Single by Slipknot

from the album All Hope Is Gone
- Released: December 1, 2008
- Recorded: February 2008 – June 2008
- Studio: Sound Farm (Jamaica, Iowa)
- Length: 4:29 (album version); 4:22 (radio edit);
- Label: Roadrunner
- Songwriters: Corey Taylor, Mick Thomson, Jim Root, Paul Gray, Joey Jordison, Shawn Crahan, Chris Fehn, Sid Wilson, and Craig Jones
- Producer: Dave Fortman

Slipknot singles chronology
| "Psychosocial" (2008) | "Dead Memories" (2008) | "Sulfur" (2009) |

Music video
- "Dead Memories" on YouTube

= Dead Memories =

2008 single by Slipknot

"Dead Memories" is a song from American heavy metal band Slipknot's fourth album, All Hope Is Gone. It was released on December 1, 2008.
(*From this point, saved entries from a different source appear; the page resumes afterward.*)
(* Let $T$ be an $S$-regular matrix with vertex weights $b\in\mathbb{R}^k$ and edge weights $F\in M_k(\mathbb{C})$, whose underlying graph $G=(V,E)$ has equitable partition $V_1,\dots,V_k$ with quotient matrix $S=(s_{ij})$ and cell function $\tau$. Let $M=(S\circ F)+\operatorname{diag}(b)$, where $S\circ F$ is the entrywise product. Then: (1) $M$ is diagonalizable; (2) if $\lambda$ is an eigenvalue of $M$ with eigenvector $\psi\in\mathbb{R}^k$, then $\lambda$ is an eigenvalue of $T$ with eigenvector $\overline{\psi}\in\mathbb{R}^{|V|}$ defined by $\overline{\psi}(v)=\psi(\tau(v))$; (3) if $\phi$ is an eigenvector of $T$ whose eigenvalue is not an eigenvalue of $M$, then $\sum_{v\in V_i}\phi(v)=0$ for every $1\le i\le k$, and $\sum_{v\in V}\phi(v)=0$.
   Context: All graphs are simple, undirected and connected. A graph $G=(V,E)$ is $S$-regular, for a $k\times k$ matrix $S=(s_{ij})$ with nonnegative integer entries, if $V$ has a partition into nonempty cells $V_1,\dots,V_k$ such that every $v\in V_i$ has exactly $s_{ij}$ neighbours in $V_j$. Write $n_i=|V_i|$; then $s_{ij}n_i=s_{ji}n_j$ for all $i,j$. The cell function $\tau:V\to\{1,\dots,k\}$ sends $v\in V_i$ to $i$. The underlying graph of a matrix $T$ indexed by a set $V$ is the graph on $V$ with an edge $uv$ ($u\neq v$) iff $T_{uv}\neq 0$. An $S$-regular matrix is a Hermitian matrix $T$ indexed by $V$ such that: its underlying graph $G$ (ignoring loops) is $S$-regular with partition $V_1,\dots,V_k$; there is $b\in\mathbb{R}^k$ (vertex weights) with $T_{uu}=b(i)$ for $u\in V_i$; and there is $F\in M_k(\mathbb{C})$ (edge weights) with $F_{ij}\neq 0$ for all $i,j$ such that $T_{uv}=F_{ij}$ whenever $u\in V_i$, $v\in V_j$ are adjacent in $G$ (and $T_{uv}=0$ for distinct nonadjacent $u,v$). *)

theory Defs
  imports "HOL-Analysis.Analysis"
begin

text \<open>Vertices are the elements of a finite type 'v; cells are indexed by a finite type 'k
  (k = CARD('k)). Matrices indexed by V are complex^'v^'v, by cells complex^'k^'k.\<close>

definition hermitian_mat :: "complex^'n^'n \<Rightarrow> bool" where
  "hermitian_mat T \<longleftrightarrow> (\<forall>u v. T$u$v = cnj (T$v$u))"

definition und_adj :: "complex^'n^'n \<Rightarrow> 'n \<Rightarrow> 'n \<Rightarrow> bool" where
  "und_adj T u v \<longleftrightarrow> u \<noteq> v \<and> T$u$v \<noteq> 0"

definition graph_connected :: "('n \<Rightarrow> 'n \<Rightarrow> bool) \<Rightarrow> bool" where
  "graph_connected E \<longleftrightarrow> (\<forall>u v. (E\<^sup>*\<^sup>*) u v)"

definition S_regular_graph :: "('v \<Rightarrow> 'v \<Rightarrow> bool) \<Rightarrow> nat^'k^'k \<Rightarrow> ('v \<Rightarrow> 'k) \<Rightarrow> bool" where
  "S_regular_graph E S tau \<longleftrightarrow> surj tau \<and>
     (\<forall>v j. card {u. E v u \<and> tau u = j} = S$(tau v)$j)"

definition S_regular_matrix ::
  "complex^'v^'v \<Rightarrow> nat^'k^'k \<Rightarrow> ('v \<Rightarrow> 'k) \<Rightarrow> real^'k \<Rightarrow> complex^'k^'k \<Rightarrow> bool" where
  "S_regular_matrix T S tau b F \<longleftrightarrow>
     hermitian_mat T \<and>
     graph_connected (und_adj T) \<and>
     S_regular_graph (und_adj T) S tau \<and>
     (\<forall>u. T$u$u = complex_of_real (b$(tau u))) \<and>
     (\<forall>i j. F$i$j \<noteq> 0) \<and>
     (\<forall>u v. und_adj T u v \<longrightarrow> T$u$v = F$(tau u)$(tau v))"

definition quotient_mat :: "nat^'k^'k \<Rightarrow> real^'k \<Rightarrow> complex^'k^'k \<Rightarrow> complex^'k^'k" where
  "quotient_mat S b F = (\<chi> i j. of_nat (S$i$j) * F$i$j + (if i = j then complex_of_real (b$i) else 0))"

definition diagonalizable_mat :: "complex^'n^'n \<Rightarrow> bool" where
  "diagonalizable_mat A \<longleftrightarrow>
     (\<exists>P D::complex^'n^'n. invertible P \<and> (\<forall>i j. i \<noteq> j \<longrightarrow> D$i$j = 0) \<and>
        A = P ** D ** matrix_inv P)"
"I had gone through a pretty brutal divorce at that point," explained Corey Taylor. "This [song] was me letting go of a lot of regret and cynical feelings. It was very cathartic… I got a lot out on that album.

Released as the third single from All Hope Is Gone, its video was directed by P. R. Brown and Shawn Crahan. The video premiered on MTV2 on October 25, 2008.

==Music video==
The music video for "Dead Memories" was directed by P. R. Brown. On September 30, 2008, the band's record label Roadrunner Records released a 15-second teaser video on YouTube which featured vocalist Corey Taylor in what appears to be a grave in torrential rain. The video premiered on MTV's Headbangers Ball on October 25, 2008, as part of the Headbangers Ball 20th anniversary special programming. The treatment for the music video was percussionist Shawn Crahan's idea, Crahan calls the video a "short film" and admits it was "very" expensive. Crahan's initial idea was to have several rooms; he introduced the idea to vocalist Corey Taylor who decided what each room would be.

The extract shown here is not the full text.